Knockdown of NAC-1 expression in colon cancer cells significantly enhanced the cytocidal effect of CD8⁺T cells in cell culture experiments. The sensitizing effect of NAC-1 knockdown on the antitumor action of cytotoxic CD8⁺T cells was recapitulated in a colon cancer xenograft animal model. Furthermore, knockdown of NAC-1 in colon cancer cells decreased the expression of PD-L1 at both the mRNA and protein levels, and this effect could be rescued by transfection of an RNAi-resistant NAC-1 expression plasmid. In a reporter gene assay, transient expression of NAC-1 in colon cancer cells increased the promoter activity of PD-L1, indicating that NAC-1 regulates PD-L1 expression at the transcriptional level. In addition, depletion of tumoral NAC-1 increased the number of CD8⁺T cells but decreased the number of suppressive myeloid-derived suppressor cells and regulatory T cells.

CONCLUSION

Tumor expression of NAC-1 is a negative determinant of immunotherapy.

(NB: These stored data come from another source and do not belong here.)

lemma sum_transversal_block:
  assumes x: "x \<in> K" and i: "i < k"
  shows "(\<Sum>j<k. if inv\<^bsub>G\<^esub> (t i) \<otimes>\<^bsub>G\<^esub> (x \<otimes>\<^bsub>G\<^esub> t j) \<in> L then c else 0) = c"
proof -
  obtain j0 where j0: "j0 < k" and A: "inv\<^bsub>G\<^esub> (t i) \<otimes>\<^bsub>G\<^esub> (x \<otimes>\<^bsub>G\<^esub> t j0) \<in> L"
    using transversal_block_exists[OF x i] by blast
  have "inv\<^bsub>G\<^esub> (t i) \<otimes>\<^bsub>G\<^esub> (x \<otimes>\<^bsub>G\<^esub> t j) \<in> L \<longleftrightarrow> j = j0" if j: "j < k" for j
    using transversal_block_unique[OF x i j j0 _ A] A by blast
  then have "(\<Sum>j<k. if inv\<^bsub>G\<^esub> (t i) \<otimes>\<^bsub>G\<^esub> (x \<otimes>\<^bsub>G\<^esub> t j) \<in> L then c else 0) = (\<Sum>j<k. if j = j0 then c else 0)"
    by (intro sum.cong refl) simp
  then show ?thesis using j0 by simp
qed

lemma ind_rep_mult:
  assumes x: "x \<in> K" and y: "y \<in> K"
  shows "ind_rep x * ind_rep y = ind_factor x y \<cdot>\<^sub>m ind_rep (x \<otimes>\<^bsub>G\<^esub> y)"
proof (rule eq_matI)
  fix p q assume "p < dim_row (ind_factor x y \<cdot>\<^sub>m ind_rep (x \<otimes>\<^bsub>G\<^esub> y))"
    "q < dim_col (ind_factor x y \<cdot>\<^sub>m ind_rep (x \<otimes>\<^bsub>G\<^esub> y))"
  then have "p < ind_deg" "q < ind_deg" by auto
  then obtain i a l b where i: "i < k" and a: "a < e" and l: "l < k" and b: "b < e"
    and pq: "p = i * e + a" "q = l * e + b"
    by (elim ind_deg_blockE)
  have "(ind_rep x * ind_rep y) $$ (p,q)
      = (\<Sum>j<k. \<Sum>c<e. ind_rep x $$ (i * e + a, j * e + c) * ind_rep y $$ (j * e + c, l * e + b))"
    unfolding pq mat_mult_index_sum[OF ind_rep_carrier ind_rep_carrier
        block_less_ind_deg[OF i a] block_less_ind_deg[OF l b]] ind_deg_def
    by (rule sum_lessThan_mult_blocks)
  also have "\<dots> = (\<Sum>j<k. if inv\<^bsub>G\<^esub> (t i) \<otimes>\<^bsub>G\<^esub> (x \<otimes>\<^bsub>G\<^esub> t j) \<in> L
      then ind_factor x y * P_ext (inv\<^bsub>G\<^esub> (t i) \<otimes>\<^bsub>G\<^esub> ((x \<otimes>\<^bsub>G\<^esub> y) \<otimes>\<^bsub>G\<^esub> t l)) $$ (a,b) else 0)"
    using i a l b by (intro sum.cong refl) (simp add: ind_rep_block P_ext_block_product[OF x y])
  also have "\<dots> = (ind_factor x y \<cdot>\<^sub>m ind_rep (x \<otimes>\<^bsub>G\<^esub> y)) $$ (p,q)"
    unfolding sum_transversal_block[OF x i] pq
    using i a l b by (simp add: ind_rep_block block_less_ind_deg)
  finally show "(ind_rep x * ind_rep y) $$ (p,q) = (ind_factor x y \<cdot>\<^sub>m ind_rep (x \<otimes>\<^bsub>G\<^esub> y)) $$ (p,q)" .
qed auto

lemma ind_rep_scalar:
  assumes c: "c \<in> L" and comm: "\<forall>n\<in>N. c \<otimes>\<^bsub>G\<^esub> n = n \<otimes>\<^bsub>G\<^esub> c" and Pc: "P c = z \<cdot>\<^sub>m 1\<^sub>m d"
  shows "ind_rep c = z \<cdot>\<^sub>m 1\<^sub>m ind_deg"
proof (rule eq_matI)
  fix p q assume "p < dim_row (z \<cdot>\<^sub>m 1\<^sub>m ind_deg)" "q < dim_col (z \<cdot>\<^sub>m 1\<^sub>m ind_deg)"
  then have "p < ind_deg" "q < ind_deg" by auto
  then obtain i a j b where i: "i < k" and a: "a < e" and j: "j < k" and b: "b < e"
    and pq: "p = i * e + a" "q = j * e + b"
    by (elim ind_deg_blockE)
  have d: "d = e" using P_carrier[OF c] Pc by auto
  have "inv\<^bsub>G\<^esub> (t i) \<otimes>\<^bsub>G\<^esub> (c \<otimes>\<^bsub>G\<^esub> t j) = (inv\<^bsub>G\<^esub> (t i) \<otimes>\<^bsub>G\<^esub> t j) \<otimes>\<^bsub>G\<^esub> c"
    using comm t_mem_N[OF j] i j t_carrier L_carrier[OF c] by (simp add: Gr.group_simps)
  moreover have "(inv\<^bsub>G\<^esub> (t i) \<otimes>\<^bsub>G\<^esub> t j) \<otimes>\<^bsub>G\<^esub> c \<in> L \<longleftrightarrow> i = j"
  proof
    assume "(inv\<^bsub>G\<^esub> (t i) \<otimes>\<^bsub>G\<^esub> t j) \<otimes>\<^bsub>G\<^esub> c \<in> L"
    then have "(inv\<^bsub>G\<^esub> (t i) \<otimes>\<^bsub>G\<^esub> t j) \<otimes>\<^bsub>G\<^esub> c \<otimes>\<^bsub>G\<^esub> inv\<^bsub>G\<^esub> c \<in> L" using L_m_closed L_inv_closed c by blast
    then show "i = j" using t_dist i j t_carrier L_carrier[OF c] by (simp add: Gr.group_simps)
  qed (use i t_carrier L_carrier[OF c] c in simp)
  moreover have "i = j \<Longrightarrow> (inv\<^bsub>G\<^esub> (t i) \<otimes>\<^bsub>G\<^esub> t j) \<otimes>\<^bsub>G\<^esub> c = c" using i t_carrier L_carrier[OF c] by simp
  ultimately show "ind_rep c $$ (p,q) = (z \<cdot>\<^sub>m 1\<^sub>m ind_deg) $$ (p,q)"
    unfolding pq using i j a b c Pc d
    by (auto simp: ind_rep_block block_less_ind_deg P_ext_def)
qed auto
(* Let $\kappa_1>0$, $\kappa_2>0$ and $C\ge0$. Let $f$ be a nonnegative continuous function on $(0,1]$ such that $\int_0^1 f<+\infty$. Assume that $G:[0,1]\to[0,+\infty)$ is continuous on $[0,1]$, of class $\mathcal{C}^1$ on $(0,1]$, and satisfies on $(0,1]$ the differential inequality $$G'(t)\le Ct^{\kappa_1-1}G(t)+f(t)\sqrt{G(t)}+Ct^{\kappa_2-1},\qquad G(0)=0.$$ Then for all $t\in[0,1]$, $$G(t)\lesssim\Big(\int_0^t f\Big)^2+t^{\kappa_2},$$ where the implicit constant depends only on $\kappa_1,\kappa_2,C$. *)

theory Defs
  imports "HOL-Analysis.Analysis"
begin

end

theory Submission
  imports Defs
begin

text \<open>The integrating factor \<open>w s = exp (- (C / \<kappa>1) * s powr \<kappa>1)\<close>, which takes values in
  \<open>[e, 1]\<close> on \<open>[0, 1]\<close> with \<open>e = exp (- C / \<kappa>1)\<close>, absorbs the linear term:
  \<open>(w G)' \<le> f sqrt G + C t powr (\<kappa>2 - 1)\<close>. If \<open>w G\<close> attains its maximum \<open>M\<close> over \<open>[0, T]\<close>
  at \<open>s\<^sub>0\<close>, then \<open>G \<le> M / e\<close> on \<open>[0, T]\<close>, and integrating over \<open>[0, s\<^sub>0]\<close> gives
  \<open>M \<le> sqrt (M / e) * \<integral>\<^sub>0\<^sup>T f + (C / \<kappa>2) T powr \<kappa>2\<close>. This quadratic inequality in \<open>sqrt M\<close>
  bounds \<open>M\<close>, and \<open>G T \<le> M / e\<close>.\<close>

lemma le_sqrt_mult_add_imp_le:
  fixes M a b :: real
  assumes "0 \<le> M" and "M \<le> sqrt M * a + b"
  shows "M \<le> a\<^sup>2 + 2 * b"
proof -
  have "2 * (sqrt M * a) \<le> M + a\<^sup>2"
    using zero_le_power2[of "sqrt M - a"] \<open>0 \<le> M\<close> by (simp add: power2_diff)
  then show ?thesis
    using assms(2) by linarith
qed

lemma divide_add_mult_divide_le_mult:
  fixes e c P a :: real
  assumes "0 < e" "e \<le> 1" "0 \<le> c" "0 \<le> P" "0 \<le> a"
  shows "(a / e + c * P) / e \<le> (1 + c) / e\<^sup>2 * (a + P)"
proof -
  have "e\<^sup>2 \<le> e"
    using assms by (simp add: power2_eq_square mult_left_le_one_le)
  then have "c * P / e \<le> c * P / e\<^sup>2"
    using assms by (intro divide_left_mono) auto
  moreover have "0 \<le> c * a / e\<^sup>2" and "0 \<le> P / e\<^sup>2"
    using assms by auto
  moreover have "(a / e + c * P) / e = a / e\<^sup>2 + c * P / e"
    and "(1 + c) / e\<^sup>2 * (a + P) = a / e\<^sup>2 + c * a / e\<^sup>2 + P / e\<^sup>2 + c * P / e\<^sup>2"
    using assms by (simp_all add: field_simps power2_eq_square)
  ultimately show ?thesis
    by linarith
qed

lemma integral_nonneg_greaterThanAtMost:
  fixes f :: "real \<Rightarrow> real"
  assumes "f integrable_on {a..b}" and "\<And>x. x \<in> {a<..b} \<Longrightarrow> 0 \<le> f x"
  shows "0 \<le> integral {a..b} f"
proof -
  define g where "g x = (if x = a then 0 else f x)" for x
  have "integral {a..b} f = integral {a..b} g"
    by (rule integral_spike[of "{a}"]) (auto simp: g_def)
  moreover have "g integrable_on {a..b}"
    by (rule integrable_spike[OF assms(1), of "{a}"]) (auto simp: g_def)
  ultimately show ?thesis
    using assms(2) by (auto simp: g_def intro: integral_nonneg)
qed

lemma integral_mono_upper_limit:
  fixes f :: "real \<Rightarrow> real"
  assumes f: "f integrable_on {a..b}" and nonneg: "\<And>x. x \<in> {a<..b} \<Longrightarrow> 0 \<le> f x"
    and "a \<le> s" and "s \<le> t" and "t \<le> b"
  shows "integral {a..s} f \<le> integral {a..t} f"
proof -
  have "f integrable_on {a..t}" and "f integrable_on {s..t}"
    using f assms(3-5) integrable_subinterval_real by fastforce+
  have "integral {a..s} f + integral {s..t} f = integral {a..t} f"
    using \<open>f integrable_on {a..t}\<close> \<open>a \<le> s\<close> \<open>s \<le> t\<close>
    by (rule Henstock_Kurzweil_Integration.integral_combine[rotated 2])
  moreover have "0 \<le> integral {s..t} f"
    using \<open>f integrable_on {s..t}\<close>
  proof (rule integral_nonneg_greaterThanAtMost)
    fix x
    assume "x \<in> {s<..t}"
    then show "0 \<le> f x"
      using nonneg assms(3,5) by simp
  qed
  ultimately show ?thesis
    by linarith
qed

lemma integral_has_real_derivative_interior:
  fixes f :: "real \<Rightarrow> real"
  assumes "f integrable_on {a..b}" and "isCont f x" and "a < x" and "x < b"
  shows "((\<lambda>s. integral {a..s} f) has_real_derivative f x) (at x)"
proof -
  have "((\<lambda>s. integral {a..s} f) has_vector_derivative f x) (at x within {a..b} - {})"
    using assms by (intro integral_has_vector_derivative_continuous_at)
      (auto intro: continuous_at_imp_continuous_at_within)
  moreover have "at x within {a..b} = at x"
    using assms by (intro at_within_interior) auto
  ultimately show ?thesis
    by (simp add: has_real_derivative_iff_has_vector_derivative)
qed

definition decay_factor :: "real \<Rightarrow> real \<Rightarrow> real \<Rightarrow> real" where
  "decay_factor c k s = exp (- (c / k) * s powr k)"

lemma decay_factor_bounds:
  assumes "0 \<le> c" and "0 < k" and "s \<in> {0..1}"
  shows "exp (- c / k) \<le> decay_factor c k s" and "decay_factor c k s \<le> 1"
proof -
  have "0 \<le> s powr k" and "s powr k \<le> 1" and "0 \<le> c / k"
    using assms by (auto simp: powr_le1)
  have "(c / k) * s powr k \<le> c / k"
    using \<open>s powr k \<le> 1\<close> \<open>0 \<le> c / k\<close> by (rule mult_left_le)
  moreover have "0 \<le> (c / k) * s powr k"
    using \<open>0 \<le> c / k\<close> \<open>0 \<le> s powr k\<close> by (rule mult_nonneg_nonneg)
  ultimately show "exp (- c / k) \<le> decay_factor c k s" and "decay_factor c k s \<le> 1"
    unfolding decay_factor_def by simp_all
qed

lemma decay_factor_pos: "0 < decay_factor c k s"
  by (simp add: decay_factor_def)

lemma continuous_on_decay_factor:
  assumes "0 < k"
  shows "continuous_on {0..} (decay_factor c k)"
  unfolding decay_factor_def
  by (intro continuous_intros continuous_on_powr') (use assms in auto)

lemma has_real_derivative_decay_factor:
  assumes "0 < s" and "k \<noteq> 0"
  shows "(decay_factor c k has_real_derivative - c * s powr (k - 1) * decay_factor c k s) (at s)"
proof -
  have "(decay_factor c k has_real_derivative
      decay_factor c k s * (- (c / k) * (k * s powr (k - 1)))) (at s)"
    unfolding decay_factor_def
    by (rule derivative_eq_intros has_real_derivative_powr assms refl | simp)+
  then show ?thesis
    using assms(2) by (simp add: mult_ac)
qed

locale sqrt_gronwall =
  fixes \<kappa>1 \<kappa>2 C :: real and f G G' :: "real \<Rightarrow> real"
  assumes \<kappa>1_pos: "0 < \<kappa>1" and \<kappa>2_pos: "0 < \<kappa>2" and C_nonneg: "0 \<le> C"
    and f_nonneg: "\<And>t. t \<in> {0<..1} \<Longrightarrow> 0 \<le> f t"
    and f_continuous: "continuous_on {0<..1} f"
    and f_integrable: "f integrable_on {0..1}"
    and G_continuous: "continuous_on {0..1} G"
    and G_nonneg: "\<And>t. t \<in> {0..1} \<Longrightarrow> 0 \<le> G t"
    and G_derivative: "\<And>t. t \<in> {0<..1} \<Longrightarrow> (G has_real_derivative G' t) (at t within {0<..1})"
    and G'_le: "\<And>t. t \<in> {0<..1} \<Longrightarrow>
      G' t \<le> C * t powr (\<kappa>1 - 1) * G t + f t * sqrt (G t) + C * t powr (\<kappa>2 - 1)"
    and G_0: "G 0 = 0"
begin

abbreviation w :: "real \<Rightarrow> real" where
  "w \<equiv> decay_factor C \<kappa>1"

lemma w_bounds:
  assumes "t \<in> {0..1}"
  shows "exp (- C / \<kappa>1) \<le> w t" and "w t \<le> 1"
  using decay_factor_bounds[OF C_nonneg \<kappa>1_pos assms] .

lemma G_has_real_derivative_at:
  assumes "0 < t" and "t < 1"
  shows "(G has_real_derivative G' t) (at t)"
proof -
  have "(G has_real_derivative G' t) (at t within {0<..<1})"
    by (rule DERIV_subset[OF G_derivative]) (use assms in auto)
  moreover have "at t within {0<..<1} = at t"
    using assms by (intro at_within_open) auto
  ultimately show ?thesis
    by simp
qed

lemma continuous_on_weighted_G:
  assumes "s \<le> 1"
  shows "continuous_on {0..s} (\<lambda>t. w t * G t)"
proof (rule continuous_on_mult)
  show "continuous_on {0..s} w"
    using continuous_on_decay_factor[OF \<kappa>1_pos] by (rule continuous_on_subset) auto
  show "continuous_on {0..s} G"
    using G_continuous by (rule continuous_on_subset) (use assms in auto)
qed

lemma G_le_divide_weight_bound:
  assumes "t \<in> {0..1}" and "w t * G t \<le> M"
  shows "G t \<le> M / exp (- C / \<kappa>1)"
proof -
  have "exp (- C / \<kappa>1) * G t \<le> w t * G t"
    using w_bounds(1) G_nonneg assms(1) by (intro mult_right_mono) auto
  with assms(2) show ?thesis
    by (simp add: field_simps)
qed

lemma weighted_derivative_le:
  assumes t: "t \<in> {0<..1}" and "G t \<le> B"
  shows "w t * (G' t - C * t powr (\<kappa>1 - 1) * G t) \<le> f t * sqrt B + C * t powr (\<kappa>2 - 1)"
proof -
  have "0 \<le> f t" and "0 \<le> G t" and "0 < w t" and "w t \<le> 1"
    using t f_nonneg G_nonneg w_bounds(2) decay_factor_pos by auto
  have "w t * (G' t - C * t powr (\<kappa>1 - 1) * G t) \<le> w t * (f t * sqrt (G t) + C * t powr (\<kappa>2 - 1))"
    using G'_le[OF t] \<open>0 < w t\<close> by (intro mult_left_mono) auto
  also have "\<dots> \<le> f t * sqrt (G t) + C * t powr (\<kappa>2 - 1)"
    using \<open>0 \<le> f t\<close> \<open>0 \<le> G t\<close> \<open>0 < w t\<close> \<open>w t \<le> 1\<close> C_nonneg
    by (intro mult_left_le_one_le) auto
  also have "\<dots> \<le> f t * sqrt B + C * t powr (\<kappa>2 - 1)"
    using \<open>0 \<le> f t\<close> \<open>G t \<le> B\<close> by (simp add: mult_left_mono)
  finally show ?thesis .
qed

lemma weighted_G_le:
  assumes "0 \<le> s" and "s \<le> 1" and G_le: "\<And>t. t \<in> {0..s} \<Longrightarrow> G t \<le> B"
  shows "w s * G s \<le> sqrt B * integral {0..s} f + C / \<kappa>2 * s powr \<kappa>2"
proof -
  define \<Phi> where "\<Phi> t = w t * G t - sqrt B * integral {0..t} f - C / \<kappa>2 * t powr \<kappa>2" for t
  have "\<Phi> s \<le> \<Phi> 0"
  proof (rule DERIV_nonpos_imp_decreasing_open[OF \<open>0 \<le> s\<close>])
    fix t
    assume t: "0 < t" "t < s"
    have "isCont f t"
      using f_continuous t \<open>s \<le> 1\<close> by (intro continuous_on_interior[of "{0<..1}"]) auto
    have "(\<Phi> has_real_derivative
        (- C * t powr (\<kappa>1 - 1) * w t) * G t + G' t * w t - sqrt B * f t - C / \<kappa>2 * (\<kappa>2 * t powr (\<kappa>2 - 1)))
        (at t)"
      unfolding \<Phi>_def using t \<open>s \<le> 1\<close> \<kappa>1_pos
      by (intro DERIV_diff DERIV_mult DERIV_cmult has_real_derivative_decay_factor
          G_has_real_derivative_at integral_has_real_derivative_interior[OF f_integrable \<open>isCont f t\<close>]
          has_real_derivative_powr) auto
    moreover have "(- C * t powr (\<kappa>1 - 1) * w t) * G t + G' t * w t - sqrt B * f t
        - C / \<kappa>2 * (\<kappa>2 * t powr (\<kappa>2 - 1)) \<le> 0"
      using weighted_derivative_le[of t B] G_le[of t] t \<open>s \<le> 1\<close> \<kappa>2_pos
      by (simp add: algebra_simps)
    ultimately show "\<exists>y. (\<Phi> has_real_derivative y) (at t) \<and> y \<le> 0"
      by blast
  next
    have "continuous_on {0..s} (\<lambda>t. integral {0..t} f)"
      using indefinite_integral_continuous_1[OF f_integrable] by (rule continuous_on_subset) (use \<open>s \<le> 1\<close> in auto)
    then show "continuous_on {0..s} \<Phi>"
      unfolding \<Phi>_def using \<kappa>2_pos
      by (intro continuous_on_diff continuous_on_weighted_G[OF \<open>s \<le> 1\<close>] continuous_on_mult_left
          continuous_on_powr' continuous_on_id continuous_on_const) auto
  qed
  moreover have "\<Phi> 0 = 0"
    using G_0 \<kappa>2_pos by (simp add: \<Phi>_def)
  ultimately have "\<Phi> s \<le> 0"
    by simp
  then show ?thesis
    by (simp add: \<Phi>_def)
qed

lemma G_bound:
  assumes T: "T \<in> {0..1}"
  shows "G T \<le> (1 + 2 * (C / \<kappa>2)) / (exp (- C / \<kappa>1))\<^sup>2 * ((integral {0..T} f)\<^sup>2 + T powr \<kappa>2)"
proof -
  define e where "e = exp (- C / \<kappa>1)"
  define A where "A = integral {0..T} f"
  have "0 < e" and "e \<le> 1"
    using C_nonneg \<kappa>1_pos by (auto simp: e_def)
  obtain s\<^sub>0 where s\<^sub>0: "s\<^sub>0 \<in> {0..T}" and max: "\<And>t. t \<in> {0..T} \<Longrightarrow> w t * G t \<le> w s\<^sub>0 * G s\<^sub>0"
    using continuous_attains_sup[OF compact_Icc _ continuous_on_weighted_G[of T]] T by auto
  define M where "M = w s\<^sub>0 * G s\<^sub>0"
  have "0 \<le> M"
    unfolding M_def using s\<^sub>0 T
    by (intro mult_nonneg_nonneg less_imp_le[OF decay_factor_pos] G_nonneg) auto
  have G_le: "G t \<le> M / e" if "t \<in> {0..T}" for t
    using G_le_divide_weight_bound[of t M] max[OF that] that T by (simp add: M_def e_def)
  have "M \<le> sqrt (M / e) * integral {0..s\<^sub>0} f + C / \<kappa>2 * s\<^sub>0 powr \<kappa>2"
    using s\<^sub>0 T G_le unfolding M_def by (intro weighted_G_le) auto
  also have "\<dots> \<le> sqrt M * (A / sqrt e) + C / \<kappa>2 * T powr \<kappa>2"
  proof (rule add_mono)
    have "integral {0..s\<^sub>0} f \<le> A"
      unfolding A_def using f_integrable f_nonneg s\<^sub>0 T by (intro integral_mono_upper_limit) auto
    then have "sqrt (M / e) * integral {0..s\<^sub>0} f \<le> sqrt (M / e) * A"
      using \<open>0 \<le> M\<close> \<open>0 < e\<close> by (intro mult_left_mono) auto
    then show "sqrt (M / e) * integral {0..s\<^sub>0} f \<le> sqrt M * (A / sqrt e)"
      by (simp add: real_sqrt_divide)
    show "C / \<kappa>2 * s\<^sub>0 powr \<kappa>2 \<le> C / \<kappa>2 * T powr \<kappa>2"
      using s\<^sub>0 C_nonneg \<kappa>2_pos by (intro mult_left_mono powr_mono2) auto
  qed
  finally have "M \<le> (A / sqrt e)\<^sup>2 + 2 * (C / \<kappa>2 * T powr \<kappa>2)"
    by (rule le_sqrt_mult_add_imp_le[OF \<open>0 \<le> M\<close>])
  then have M_le: "M \<le> A\<^sup>2 / e + 2 * (C / \<kappa>2) * T powr \<kappa>2"
    using \<open>0 < e\<close> by (simp add: power_divide)
  have "G T \<le> M / e"
    using G_le T by simp
  also have "\<dots> \<le> (A\<^sup>2 / e + 2 * (C / \<kappa>2) * T powr \<kappa>2) / e"
    using M_le \<open>0 < e\<close> by (simp add: divide_right_mono)
  also have "\<dots> \<le> (1 + 2 * (C / \<kappa>2)) / e\<^sup>2 * (A\<^sup>2 + T powr \<kappa>2)"
    using \<open>0 < e\<close> \<open>e \<le> 1\<close> C_nonneg \<kappa>2_pos by (intro divide_add_mult_divide_le_mult) auto
  finally show ?thesis
    by (simp add: A_def e_def)
qed

end

theorem lemma2p2:
  fixes \<kappa>1 \<kappa>2 C :: real
  assumes "\<kappa>1 > 0" and "\<kappa>2 > 0" and "C \<ge> 0"
  shows "\<exists>K>0. \<forall>(f :: real \<Rightarrow> real) (G :: real \<Rightarrow> real) (G' :: real \<Rightarrow> real).
    (\<forall>t\<in>{0<..1}. f t \<ge> 0) \<and> continuous_on {0<..1} f \<and> f integrable_on {0..1} \<and>
    continuous_on {0..1} G \<and> (\<forall>t\<in>{0..1}. G t \<ge> 0) \<and>
    (\<forall>t\<in>{0<..1}. (G has_real_derivative G' t) (at t within {0<..1})) \<and>
    continuous_on {0<..1} G' \<and>
    (\<forall>t\<in>{0<..1}. G' t \<le> C * t powr (\<kappa>1 - 1) * G t + f t * sqrt (G t) + C * t powr (\<kappa>2 - 1)) \<and>
    G 0 = 0
    \<longrightarrow> (\<forall>t\<in>{0..1}. G t \<le> K * ((integral {0..t} f)\<^sup>2 + t powr \<kappa>2))"
proof (intro exI[of _ "(1 + 2 * (C / \<kappa>2)) / (exp (- C / \<kappa>1))\<^sup>2"] conjI allI impI ballI)
  show "0 < (1 + 2 * (C / \<kappa>2)) / (exp (- C / \<kappa>1))\<^sup>2"
    using assms by (simp add: add_pos_nonneg)
qed (elim conjE, rule sqrt_gronwall.G_bound[OF sqrt_gronwall.intro, OF assms], blast+)

end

Keywords: Nucleus accumbens-1; Colon cancer; Tumor immunity; Programmed death receptor-1/programmed death receptor-1 ligand; CD8+T cells

Core Tip: We determined whether and how nucleus accumbens-1 (NAC-1) affects antitumor immunity in colon cancer. Knockdown of NAC-1 expression in colon cancer cells significantly enhanced the cytocidal effect of CD8⁺T cells. Knockdown of NAC-1 in colon cancer cells decreased the expression of programmed death receptor-1 ligand. Depletion of tumoral NAC-1 increased the amount of CD8⁺T cells but decreased the amount of suppressive myeloid-derived suppressor cells and regulatory T cells. It comes to a conclusion that tumoral expression of NAC-1 is a negative determinant of immunotherapy.